While the UK and EU are contributing to the development of this technology through a £3.4m EU research project, groups such as the national seed-saving network, in Ecuador, are fighting to protect their native seeds and biodiversity.

Poor farmers in Ecuador don't want to be forced into a long-term cycle of dependency on large seed companies.

If world leaders are genuinely committed to tackling world hunger, they need to support agricultural practices that promote self-sufficiency and autonomy of poor farmers, not invest in Zombie technology that will make the global food crises worse.

Michelle Lowe

Development Worker,progressio,Quito, Ecuador

Myths about bias in Oxford selection

Sir: As one of the tutors who did not select Laura Spence in 2000 to read medicine at Oxford, I'm saddened by Gerry Murphy (letters, 31 May) denouncing us as "intellectual snobs". He should remember that in the year that Gordon Brown attacked us, 60 per cent of our intake came from state schools, but we only had five places for medicine and Laura came 10th out of 20 applicants. Had she applied for biochemistry, for which she was accepted at Harvard, she would probably have got a place at Oxford. Two of our choices that year, both from state schools, came first and second out of the whole University in the medical exams, and one has already written a very influential scientific paper. Our selection system attempts to select the very best whatever their caste, creed or income.

I personally am particularly upset by the way these allegations continue, based on Gordon Brown's headline attack and ignoring our reasoned defence. I have spent much of my life in university education and research trying to improve the chances of everybody with talent, particularly dyslexics, having access to the best educational opportunities. Perpetuating false myths about our selection bias does nothing to improve the education of so many intelligent children in disadvantaged schools, whom we would love to take if their performance justified it.

Professor John Stein FRCP

Magdalen College Oxford

Sir: I am sure I am not the only teacher from a comprehensive school who would like to take issue with Lord Patten about who is to blame for Oxford's failure to meet targets when it comes to admitting more pupils from non-fee-paying schools (report, 29 May). Oxford does not need to, as Lord Patten says, "meet these problems by lowering standards" – it just needs to meet the students with the high standards who apply.

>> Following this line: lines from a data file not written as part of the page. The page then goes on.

lemma apply_form_FNode_glue:
  assumes wf: "wf_form (FNode g1 g2 \<sigma>)"
    and p1: "is_selection (form_weight g1) (\<lambda>k. y (\<sigma> k)) p1"
    and p2: "is_selection (form_weight g2) (\<lambda>k. y (\<sigma> (form_weight g1 + k))) p2"
  shows "\<exists>p. is_selection (form_weight g1 + form_weight g2) y p
    \<and> apply_form (FNode g1 g2 \<sigma>) p = Comm (apply_form g1 p1) (apply_form g2 p2)"
proof -
  define n1 where "n1 = form_weight g1"
  define n2 where "n2 = form_weight g2"
  have \<sigma>: "\<sigma> permutes {1..n1 + n2}" using wf by (simp add: n1_def n2_def)
  define p where "p k = (let k' = inv_into UNIV \<sigma> k in if k' \<le> n1 then p1 k' else p2 (k' - n1))" for k
  have p_left: "p (\<sigma> k) = p1 k" if "k \<in> {1..n1}" for k
    using that permutes_inverses(2)[OF \<sigma>] by (simp add: p_def)
  have p_right: "p (\<sigma> (n1 + k)) = p2 k" if "k \<in> {1..n2}" for k
    using that permutes_inverses(2)[OF \<sigma>] by (simp add: p_def)
  have "is_selection (n1 + n2) y p"
    unfolding is_selection_def
  proof
    fix k assume "k \<in> {1..n1 + n2}"
    then show "p k \<in> set (y k)"
      using p1 p2 p_left p_right
      by (cases rule: permutes_split_cases[OF \<sigma>]) (auto simp: is_selection_def n1_def n2_def)
  qed
  moreover have "apply_form g1 (\<lambda>k. p (\<sigma> k)) = apply_form g1 p1"
    using wf p_left by (intro apply_form_cong) (auto simp: n1_def)
  moreover have "apply_form g2 (\<lambda>k. p (\<sigma> (n1 + k))) = apply_form g2 p2"
    using wf p_right by (intro apply_form_cong) (auto simp: n2_def)
  ultimately show ?thesis by (auto simp: n1_def n2_def)
qed

text \<open>The k-th argument of the form is the product of the block y k of letters.\<close>

fun form_expansion :: "cform \<Rightarrow> (nat \<Rightarrow> 'l list) \<Rightarrow> 'l fcomm list" where
  "form_expansion FLeaf y = map Letter (y 1)"
| "form_expansion (FNode g1 g2 \<sigma>) y =
     comm_expansion (form_expansion g1 (\<lambda>k. y (\<sigma> k)))
       (form_expansion g2 (\<lambda>k. y (\<sigma> (form_weight g1 + k))))"

lemma letters_form_expansion:
  "wf_form g \<Longrightarrow> e \<in> set (form_expansion g y) \<Longrightarrow>
   letters e \<subseteq> (\<Union>k\<in>{1..form_weight g}. set (y k))"
proof (induction g arbitrary: y e)
  case (FNode g1 g2 \<sigma>)
  define U where "U = form_expansion g1 (\<lambda>k. y (\<sigma> k))"
  define V where "V = form_expansion g2 (\<lambda>k. y (\<sigma> (form_weight g1 + k)))"
  have \<sigma>: "\<sigma> permutes {1..form_weight g1 + form_weight g2}" using FNode.prems by simp
  have "letters s \<subseteq> (\<Union>k\<in>{1..form_weight g1}. set (y (\<sigma> k)))" if "s \<in> set U" for s
    using that FNode.prems(1) FNode.IH(1)[where y="\<lambda>k. y (\<sigma> k)"] unfolding U_def by simp
  moreover have "letters s \<subseteq> (\<Union>k\<in>{1..form_weight g2}. set (y (\<sigma> (form_weight g1 + k))))"
    if "s \<in> set V" for s
    using that FNode.prems(1) FNode.IH(2)[where y="\<lambda>k. y (\<sigma> (form_weight g1 + k))"] unfolding V_def
    by simp
  ultimately have "letters s \<subseteq> (\<Union>k\<in>{1..form_weight g1 + form_weight g2}. set (y k))"
    if "s \<in> set U \<union> set V" for s
    using that permutes_split_image[OF \<sigma>] by blast
  moreover obtain u w S where "u \<in> set U" "w \<in> set V" "set S \<subseteq> set U \<union> set V"
    "e = foldl Comm (Comm u w) S"
    using comm_expansion_elem[of e U V] FNode.prems(2) unfolding U_def V_def by auto
  ultimately show ?case by (auto simp: letters_foldl_Comm)
qed auto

Last year an outstanding student from my school applied to Oxford and did not even get an interview. As we predicted, she got three "A" grades at A-level. In one of these, she gained full marks in all her papers and in another, we had a letter from the examination board to inform us that her marks put her in the top 10 of candidates in the country.

And Lord Patten has the cheek to accuse state-school teachers of having low aspirations! What I would like Lord Patten to do is to look closely at his University's admissions policy and find out why suitable comprehensive-school students do not even get an interview. While he is at it, he might investigate why, when we wrote to the Admissions Officer asking what else we could do to get Oxford to take our applications more seriously, we did not even receive an acknowledgement.

Peter Wood

Birmingham

The difficult choice to end a pregnancy

Sir: I am writing on behalf of the independent charity ARC (Antenatal Results and Choices) in response to Dominic Lawson (Opinion, 27 May). ARC is the only UK charity providing non-directive information and support to parents undergoing antenatal testing and its consequences.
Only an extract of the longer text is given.